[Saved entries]
▼▼▼

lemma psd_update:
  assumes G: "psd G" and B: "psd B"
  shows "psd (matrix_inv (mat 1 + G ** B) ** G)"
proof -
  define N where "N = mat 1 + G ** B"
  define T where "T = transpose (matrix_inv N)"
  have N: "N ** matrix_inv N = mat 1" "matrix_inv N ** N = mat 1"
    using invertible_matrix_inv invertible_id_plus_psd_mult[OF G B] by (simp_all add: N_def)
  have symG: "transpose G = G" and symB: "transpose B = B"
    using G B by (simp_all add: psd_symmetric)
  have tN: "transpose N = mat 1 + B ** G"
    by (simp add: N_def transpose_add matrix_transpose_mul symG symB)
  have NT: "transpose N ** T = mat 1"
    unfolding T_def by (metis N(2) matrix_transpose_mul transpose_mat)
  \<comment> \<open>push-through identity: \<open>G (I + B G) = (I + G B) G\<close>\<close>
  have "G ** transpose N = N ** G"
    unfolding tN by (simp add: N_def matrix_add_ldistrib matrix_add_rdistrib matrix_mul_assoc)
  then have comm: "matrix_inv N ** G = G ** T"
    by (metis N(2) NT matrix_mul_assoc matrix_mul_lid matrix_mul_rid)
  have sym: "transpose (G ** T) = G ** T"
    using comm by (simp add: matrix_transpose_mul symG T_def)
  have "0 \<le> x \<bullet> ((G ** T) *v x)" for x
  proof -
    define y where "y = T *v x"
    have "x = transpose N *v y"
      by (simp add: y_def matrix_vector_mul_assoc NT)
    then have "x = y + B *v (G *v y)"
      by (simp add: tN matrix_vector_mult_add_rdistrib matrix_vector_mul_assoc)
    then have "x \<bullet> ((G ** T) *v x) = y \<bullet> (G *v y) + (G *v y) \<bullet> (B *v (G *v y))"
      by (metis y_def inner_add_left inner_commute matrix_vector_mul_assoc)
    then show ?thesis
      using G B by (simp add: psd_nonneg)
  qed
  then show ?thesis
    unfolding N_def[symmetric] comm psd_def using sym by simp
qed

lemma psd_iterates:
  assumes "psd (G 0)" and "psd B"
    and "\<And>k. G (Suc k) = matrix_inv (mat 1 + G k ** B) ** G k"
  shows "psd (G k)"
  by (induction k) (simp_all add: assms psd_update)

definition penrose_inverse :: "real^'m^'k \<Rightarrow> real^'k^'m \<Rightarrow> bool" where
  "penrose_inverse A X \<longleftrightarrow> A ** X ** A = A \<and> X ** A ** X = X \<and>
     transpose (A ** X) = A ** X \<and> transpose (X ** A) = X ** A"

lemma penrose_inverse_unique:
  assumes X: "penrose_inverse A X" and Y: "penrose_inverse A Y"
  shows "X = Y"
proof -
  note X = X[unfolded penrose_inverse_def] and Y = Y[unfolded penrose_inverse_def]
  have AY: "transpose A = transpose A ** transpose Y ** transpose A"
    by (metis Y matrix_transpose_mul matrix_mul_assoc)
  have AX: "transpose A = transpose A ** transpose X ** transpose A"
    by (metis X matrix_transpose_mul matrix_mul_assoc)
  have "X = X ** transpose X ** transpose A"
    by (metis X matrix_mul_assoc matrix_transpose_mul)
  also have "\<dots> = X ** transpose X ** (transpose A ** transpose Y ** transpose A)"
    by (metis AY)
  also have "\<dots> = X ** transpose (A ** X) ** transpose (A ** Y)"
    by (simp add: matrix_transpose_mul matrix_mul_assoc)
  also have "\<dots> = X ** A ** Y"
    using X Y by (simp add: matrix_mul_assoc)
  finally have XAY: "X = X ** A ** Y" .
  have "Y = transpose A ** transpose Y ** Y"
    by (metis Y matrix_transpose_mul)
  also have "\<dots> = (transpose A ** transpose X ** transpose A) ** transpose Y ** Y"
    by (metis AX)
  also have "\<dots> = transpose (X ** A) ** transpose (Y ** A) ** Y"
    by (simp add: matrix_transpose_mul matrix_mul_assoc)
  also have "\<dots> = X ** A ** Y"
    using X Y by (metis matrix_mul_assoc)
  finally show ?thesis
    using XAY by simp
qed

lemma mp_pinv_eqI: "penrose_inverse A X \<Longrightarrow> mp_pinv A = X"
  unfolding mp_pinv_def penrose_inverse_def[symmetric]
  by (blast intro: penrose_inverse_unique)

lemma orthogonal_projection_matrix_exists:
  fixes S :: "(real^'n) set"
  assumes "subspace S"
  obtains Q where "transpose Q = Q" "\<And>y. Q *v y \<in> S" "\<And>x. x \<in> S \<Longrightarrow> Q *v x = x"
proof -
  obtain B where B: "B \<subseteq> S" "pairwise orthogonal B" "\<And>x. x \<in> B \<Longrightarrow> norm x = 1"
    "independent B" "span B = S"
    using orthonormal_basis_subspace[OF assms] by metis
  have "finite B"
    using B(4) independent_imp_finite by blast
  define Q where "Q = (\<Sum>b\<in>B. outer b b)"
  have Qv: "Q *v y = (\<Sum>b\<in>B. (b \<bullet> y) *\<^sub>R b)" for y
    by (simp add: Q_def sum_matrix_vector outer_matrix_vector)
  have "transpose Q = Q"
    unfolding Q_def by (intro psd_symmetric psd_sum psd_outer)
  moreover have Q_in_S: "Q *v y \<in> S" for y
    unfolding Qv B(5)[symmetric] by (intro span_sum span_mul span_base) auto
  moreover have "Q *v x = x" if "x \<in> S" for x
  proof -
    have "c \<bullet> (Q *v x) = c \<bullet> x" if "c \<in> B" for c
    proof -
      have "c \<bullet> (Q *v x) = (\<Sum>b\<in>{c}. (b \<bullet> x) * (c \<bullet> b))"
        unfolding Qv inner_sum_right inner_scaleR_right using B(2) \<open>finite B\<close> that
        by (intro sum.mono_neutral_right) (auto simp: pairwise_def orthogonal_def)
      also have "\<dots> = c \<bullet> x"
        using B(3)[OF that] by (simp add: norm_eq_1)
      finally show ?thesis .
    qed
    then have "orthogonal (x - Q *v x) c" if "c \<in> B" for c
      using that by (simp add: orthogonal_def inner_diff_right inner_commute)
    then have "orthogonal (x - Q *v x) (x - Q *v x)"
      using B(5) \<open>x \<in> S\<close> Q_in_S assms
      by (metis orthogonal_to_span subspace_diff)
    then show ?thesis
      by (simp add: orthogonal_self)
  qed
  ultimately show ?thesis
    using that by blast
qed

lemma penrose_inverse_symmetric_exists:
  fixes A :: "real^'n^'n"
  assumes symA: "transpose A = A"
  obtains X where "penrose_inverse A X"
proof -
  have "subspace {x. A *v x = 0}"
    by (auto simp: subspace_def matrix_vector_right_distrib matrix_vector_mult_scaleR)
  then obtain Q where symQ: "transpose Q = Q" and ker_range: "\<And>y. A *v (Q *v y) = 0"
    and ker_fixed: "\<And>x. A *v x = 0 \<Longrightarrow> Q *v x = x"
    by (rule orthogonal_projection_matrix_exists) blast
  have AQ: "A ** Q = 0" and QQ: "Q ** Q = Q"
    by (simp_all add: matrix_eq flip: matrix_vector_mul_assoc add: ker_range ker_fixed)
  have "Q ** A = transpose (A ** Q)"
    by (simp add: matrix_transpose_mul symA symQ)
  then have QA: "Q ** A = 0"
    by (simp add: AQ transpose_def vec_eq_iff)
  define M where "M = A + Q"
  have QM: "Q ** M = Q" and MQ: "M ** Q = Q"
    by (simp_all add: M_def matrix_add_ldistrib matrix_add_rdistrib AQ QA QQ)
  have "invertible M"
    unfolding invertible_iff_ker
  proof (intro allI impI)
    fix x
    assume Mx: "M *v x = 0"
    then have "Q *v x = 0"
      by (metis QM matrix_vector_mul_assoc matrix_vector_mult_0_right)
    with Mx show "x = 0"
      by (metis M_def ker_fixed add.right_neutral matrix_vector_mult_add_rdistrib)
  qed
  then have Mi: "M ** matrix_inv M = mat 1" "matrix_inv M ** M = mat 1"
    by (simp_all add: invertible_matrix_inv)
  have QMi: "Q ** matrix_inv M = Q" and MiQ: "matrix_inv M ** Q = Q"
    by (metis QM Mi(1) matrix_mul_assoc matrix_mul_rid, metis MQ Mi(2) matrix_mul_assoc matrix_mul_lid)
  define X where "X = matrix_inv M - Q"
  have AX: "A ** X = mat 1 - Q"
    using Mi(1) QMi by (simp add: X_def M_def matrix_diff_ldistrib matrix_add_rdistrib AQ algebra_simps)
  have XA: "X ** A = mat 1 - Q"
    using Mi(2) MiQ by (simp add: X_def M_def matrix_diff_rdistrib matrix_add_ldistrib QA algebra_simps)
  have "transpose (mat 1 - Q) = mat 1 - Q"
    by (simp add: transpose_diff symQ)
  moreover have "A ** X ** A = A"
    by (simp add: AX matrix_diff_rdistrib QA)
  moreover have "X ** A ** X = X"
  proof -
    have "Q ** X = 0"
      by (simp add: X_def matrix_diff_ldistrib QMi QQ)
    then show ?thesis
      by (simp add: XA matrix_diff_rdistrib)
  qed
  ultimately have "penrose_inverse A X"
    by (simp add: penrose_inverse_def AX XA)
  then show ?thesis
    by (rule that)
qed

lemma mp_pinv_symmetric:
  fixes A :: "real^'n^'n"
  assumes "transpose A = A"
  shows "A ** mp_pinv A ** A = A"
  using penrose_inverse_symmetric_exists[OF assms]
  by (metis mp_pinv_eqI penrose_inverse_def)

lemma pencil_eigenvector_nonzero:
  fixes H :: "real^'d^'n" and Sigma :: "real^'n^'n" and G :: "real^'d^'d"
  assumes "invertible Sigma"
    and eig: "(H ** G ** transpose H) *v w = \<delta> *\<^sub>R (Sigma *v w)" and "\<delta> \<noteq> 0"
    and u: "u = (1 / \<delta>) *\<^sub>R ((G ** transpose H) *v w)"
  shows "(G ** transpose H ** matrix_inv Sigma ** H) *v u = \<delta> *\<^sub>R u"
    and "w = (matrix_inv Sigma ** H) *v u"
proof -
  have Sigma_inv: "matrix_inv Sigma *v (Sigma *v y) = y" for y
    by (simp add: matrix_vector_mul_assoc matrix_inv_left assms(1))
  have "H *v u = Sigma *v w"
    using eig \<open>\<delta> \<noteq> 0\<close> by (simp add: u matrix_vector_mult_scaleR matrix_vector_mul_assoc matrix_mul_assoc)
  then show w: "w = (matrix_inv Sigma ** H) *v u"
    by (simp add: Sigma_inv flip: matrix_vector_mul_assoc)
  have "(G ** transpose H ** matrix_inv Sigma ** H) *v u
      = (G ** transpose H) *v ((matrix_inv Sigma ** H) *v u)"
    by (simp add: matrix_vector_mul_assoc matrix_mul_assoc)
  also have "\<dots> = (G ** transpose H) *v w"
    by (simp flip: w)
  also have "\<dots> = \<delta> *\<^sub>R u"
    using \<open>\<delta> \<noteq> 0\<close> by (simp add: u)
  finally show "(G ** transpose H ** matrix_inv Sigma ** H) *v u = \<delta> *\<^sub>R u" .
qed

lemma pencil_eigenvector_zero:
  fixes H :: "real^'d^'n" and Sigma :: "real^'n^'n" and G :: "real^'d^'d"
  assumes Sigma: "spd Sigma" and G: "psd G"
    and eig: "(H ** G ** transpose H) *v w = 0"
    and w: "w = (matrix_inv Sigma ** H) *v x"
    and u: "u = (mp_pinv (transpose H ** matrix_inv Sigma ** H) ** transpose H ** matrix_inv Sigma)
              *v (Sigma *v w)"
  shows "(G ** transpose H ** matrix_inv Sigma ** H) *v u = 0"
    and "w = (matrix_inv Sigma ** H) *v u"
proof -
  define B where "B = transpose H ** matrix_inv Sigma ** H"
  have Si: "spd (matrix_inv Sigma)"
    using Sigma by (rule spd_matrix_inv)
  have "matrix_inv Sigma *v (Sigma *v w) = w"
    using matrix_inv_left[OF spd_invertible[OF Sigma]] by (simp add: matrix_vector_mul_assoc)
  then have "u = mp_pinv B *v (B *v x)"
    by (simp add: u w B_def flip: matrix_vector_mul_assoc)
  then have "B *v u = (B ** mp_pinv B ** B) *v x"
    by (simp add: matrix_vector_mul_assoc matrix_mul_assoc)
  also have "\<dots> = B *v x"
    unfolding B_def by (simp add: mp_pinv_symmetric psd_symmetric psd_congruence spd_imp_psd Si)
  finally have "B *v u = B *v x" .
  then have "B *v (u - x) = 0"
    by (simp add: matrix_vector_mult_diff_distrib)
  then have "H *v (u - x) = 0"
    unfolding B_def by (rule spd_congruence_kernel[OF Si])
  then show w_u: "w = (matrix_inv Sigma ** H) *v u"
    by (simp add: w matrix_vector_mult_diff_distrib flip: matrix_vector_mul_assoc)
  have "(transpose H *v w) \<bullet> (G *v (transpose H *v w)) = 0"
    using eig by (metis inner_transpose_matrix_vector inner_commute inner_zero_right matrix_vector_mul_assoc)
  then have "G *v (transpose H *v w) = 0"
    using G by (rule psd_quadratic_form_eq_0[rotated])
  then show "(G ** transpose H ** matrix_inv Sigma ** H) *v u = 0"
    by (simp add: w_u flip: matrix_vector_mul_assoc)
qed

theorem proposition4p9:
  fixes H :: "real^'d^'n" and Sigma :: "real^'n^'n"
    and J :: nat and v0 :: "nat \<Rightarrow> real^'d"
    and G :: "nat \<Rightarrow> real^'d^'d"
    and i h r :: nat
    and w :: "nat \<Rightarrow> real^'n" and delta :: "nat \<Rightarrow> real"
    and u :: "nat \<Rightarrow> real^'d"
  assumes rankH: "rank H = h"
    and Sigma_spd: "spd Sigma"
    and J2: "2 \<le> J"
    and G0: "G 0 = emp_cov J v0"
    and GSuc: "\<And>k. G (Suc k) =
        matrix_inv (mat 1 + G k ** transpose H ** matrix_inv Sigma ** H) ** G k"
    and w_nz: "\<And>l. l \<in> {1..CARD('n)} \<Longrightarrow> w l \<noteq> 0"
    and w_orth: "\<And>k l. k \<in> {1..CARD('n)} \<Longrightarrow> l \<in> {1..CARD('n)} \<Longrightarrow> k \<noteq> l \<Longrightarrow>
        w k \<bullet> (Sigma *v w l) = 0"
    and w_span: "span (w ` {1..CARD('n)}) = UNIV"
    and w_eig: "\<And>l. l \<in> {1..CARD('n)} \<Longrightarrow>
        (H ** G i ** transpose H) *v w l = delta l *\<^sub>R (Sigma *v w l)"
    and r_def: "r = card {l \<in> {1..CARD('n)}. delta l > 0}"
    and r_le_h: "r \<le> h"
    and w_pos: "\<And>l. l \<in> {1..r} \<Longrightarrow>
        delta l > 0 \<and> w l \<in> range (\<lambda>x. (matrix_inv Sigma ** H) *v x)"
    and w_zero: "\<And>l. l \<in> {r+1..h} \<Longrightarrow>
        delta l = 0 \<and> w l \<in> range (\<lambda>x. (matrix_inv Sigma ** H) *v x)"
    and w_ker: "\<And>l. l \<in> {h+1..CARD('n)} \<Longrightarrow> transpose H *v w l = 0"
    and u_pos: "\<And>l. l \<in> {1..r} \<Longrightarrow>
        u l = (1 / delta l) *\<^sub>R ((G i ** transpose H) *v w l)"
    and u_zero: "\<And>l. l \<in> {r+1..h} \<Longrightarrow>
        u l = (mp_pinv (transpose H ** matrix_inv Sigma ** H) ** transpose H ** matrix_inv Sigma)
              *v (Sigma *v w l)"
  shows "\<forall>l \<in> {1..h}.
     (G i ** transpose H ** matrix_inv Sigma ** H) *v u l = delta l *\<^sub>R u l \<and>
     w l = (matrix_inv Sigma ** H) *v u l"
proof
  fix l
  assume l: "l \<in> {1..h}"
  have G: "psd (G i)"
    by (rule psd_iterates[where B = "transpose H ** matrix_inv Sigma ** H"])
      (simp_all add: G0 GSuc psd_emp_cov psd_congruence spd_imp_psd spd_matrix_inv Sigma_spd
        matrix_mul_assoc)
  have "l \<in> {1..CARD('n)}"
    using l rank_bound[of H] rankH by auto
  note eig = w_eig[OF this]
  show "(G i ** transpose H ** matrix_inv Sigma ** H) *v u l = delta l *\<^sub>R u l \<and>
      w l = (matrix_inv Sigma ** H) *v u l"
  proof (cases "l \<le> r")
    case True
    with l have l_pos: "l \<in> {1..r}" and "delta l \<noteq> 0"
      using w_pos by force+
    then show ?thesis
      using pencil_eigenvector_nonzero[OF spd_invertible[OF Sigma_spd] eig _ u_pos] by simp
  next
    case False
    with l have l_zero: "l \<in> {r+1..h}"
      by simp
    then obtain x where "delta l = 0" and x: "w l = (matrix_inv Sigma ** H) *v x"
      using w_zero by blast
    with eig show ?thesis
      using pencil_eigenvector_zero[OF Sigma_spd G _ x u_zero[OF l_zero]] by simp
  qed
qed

▲▲▲

• **PROBLEM REQUIREMENTS**
Could you return the lines in the entries above that contain "with"?

• **PROBLEM SOLUTION**
    with Mx show "x = 0"
    with l have l_pos: "l \<in> {1..r}" and "delta l \<noteq> 0"
    with l have l_zero: "l \<in> {r+1..h}"
    with eig show ?thesis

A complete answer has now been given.